Format 35mm (Kodak Vision3 500T 5219) Besoin de texture, de grain, de réaction organique à la lumière. L'image a une "peau", elle est sale, vivante, vibrante. Refus de la propreté numérique.
Ratio 1.37:1 (Academy) Format vertical, portrait. Suppression de la vision périphérique, claustrophobie, enfermement du personnage.
Focus Faible profondeur de champ (T2 - T2.8) Obligation technique (lumière) et choix éthique (flou). Le "Flou" comme bouclier moral. L'horreur est présente mais indistincte. Hiérarchie de la perception.
Son Post-production, 8 langues, "Rhizome" Impossibilité du son direct, besoin de spatialiser le hors-champ. Le son remplace la vue pour décrire l'espace. Saturation cognitive, agression auditive.
Montage Plans longs (85 plans total) Refus de l'ellipse, temps réel. Immersion temporelle, épuisement, partage de la durée de la tâche et de la souffrance.
Conclusion Générale
Le Fils de Saul n'est pas simplement un film sur la Shoah ; c'est une réflexion métaphysique sur le cinéma lui-même. En choisissant le plan-séquence immersif et restrictif, László Nemes apporte une réponse formelle à l'aporie de la représentation.
Là où le cinéma traditionnel cherche à montrer le plus possible pour faire comprendre, Nemes démontre que pour toucher la vérité de l'expérience concentrationnaire, il faut montrer moins. Il faut réduire l'espace à un couloir, le temps à un présent perpétuel, et la vision à une myopie terrifiée.

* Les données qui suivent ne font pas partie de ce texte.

lemma emeasure_site_perc_retains_some_le:
  fixes \<pi> :: "'a::countable \<Rightarrow> 'b" and X :: "'c \<Rightarrow> 'a \<Rightarrow> bool"
  assumes p: "\<And>v. 0 \<le> p v \<and> p v \<le> 1" and M: "prob_space M"
    and X_meas: "\<And>x. {\<omega>\<in>space M. X \<omega> x} \<in> sets M"
    and X_indep: "prob_space.indep_vars M (fibre_space \<pi>) (\<lambda>v \<omega>. restrict (X \<omega>) (\<pi> -` {v})) UNIV"
    and X_prob: "\<And>x. p (\<pi> x) \<le> measure M {\<omega>\<in>space M. X \<omega> x}"
    and T: "\<And>t. t \<in> T \<Longrightarrow> inj_on \<pi> (set t)"
  shows "emeasure (site_perc p) {Y\<in>space (site_perc p). retains_some T (Y \<circ> \<pi>)}
       \<le> emeasure M {\<omega>\<in>space M. retains_some T (X \<omega>)}"
proof -
  define T_upto where "T_upto j = {t\<in>T. to_nat t \<le> j}" for j
  have finite: "finite (T_upto j)" for j
  proof (rule finite_subset)
    show "T_upto j \<subseteq> to_nat -` {..j}" by (auto simp: T_upto_def)
  qed (rule finite_vimageI[OF finite_atMost inj_to_nat])
  have sets_M: "{\<omega>\<in>space M. retains_some T (X \<omega>)} \<in> sets M"
    using pred_retains_some[where T=T and M=M and Q="\<lambda>x \<omega>. X \<omega> x"] X_meas by (simp add: pred_def)
  show ?thesis
  proof (rule emeasure_le_if_incseq_cover)
    show "incseq (\<lambda>j. {Y\<in>space (site_perc p). retains_some (T_upto j) (Y \<circ> \<pi>)})"
      by (auto simp: incseq_def T_upto_def retains_some_def)
    show "{Y\<in>space (site_perc p). retains_some (T_upto j) (Y \<circ> \<pi>)} \<in> sets (site_perc p)" for j
      using pred_site_perc_retains_some by (simp add: pred_def)
    show "{Y\<in>space (site_perc p). retains_some T (Y \<circ> \<pi>)}
        \<subseteq> (\<Union>j. {Y\<in>space (site_perc p). retains_some (T_upto j) (Y \<circ> \<pi>)})"
      by (auto simp: T_upto_def retains_some_def)
    fix j
    have "emeasure (site_perc p) {Y\<in>space (site_perc p). retains_some (T_upto j) (Y \<circ> \<pi>)}
        \<le> emeasure M {\<omega>\<in>space M. retains_some (T_upto j) (X \<omega>)}"
      using finite T by (intro emeasure_site_perc_retains_some_le_finite[OF p M X_indep X_prob])
        (auto simp: T_upto_def)
    also have "\<dots> \<le> emeasure M {\<omega>\<in>space M. retains_some T (X \<omega>)}"
      by (rule emeasure_mono[OF _ sets_M]) (auto simp: T_upto_def retains_some_def)
    finally show "emeasure (site_perc p) {Y\<in>space (site_perc p). retains_some (T_upto j) (Y \<circ> \<pi>)}
        \<le> emeasure M {\<omega>\<in>space M. retains_some T (X \<omega>)}" .
  qed
qed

L'analyse des Objectifs a révélé une éthique de la restriction, inspirée par Levinas et Didi-Huberman, qui place le visage et le flou au centre du dispositif moral.
L'étude des Coulisses a dévoilé une machinerie complexe, où la technologie (pellicule, optiques, son) est mise au service d'une sensation organique et tactile, refusant la facilité du numérique.
Enfin, l'examen de la Durée a montré comment le temps dilaté du plan séquence devient l'outil ultime de l'empathie, non pas une empathie sentimentale (nous ne pleurons pas avec Saul), mais une empathie physiologique (nous respirons et nous épuisons avec lui).
Le plan sequence dans Le Fils de Saul est donc bien plus qu'une technique de tournage : c'est un acte de résistance visuelle. Contre l'effacement des individus par la machine nazie, le film oppose la persistance ininterrompue d'un corps à l'écran. Tant que la caméra tourne, Saul est là. Et tant que Saul est là, nous sommes contraints de porter avec lui, sur nos épaules, le poids de l'inimaginable.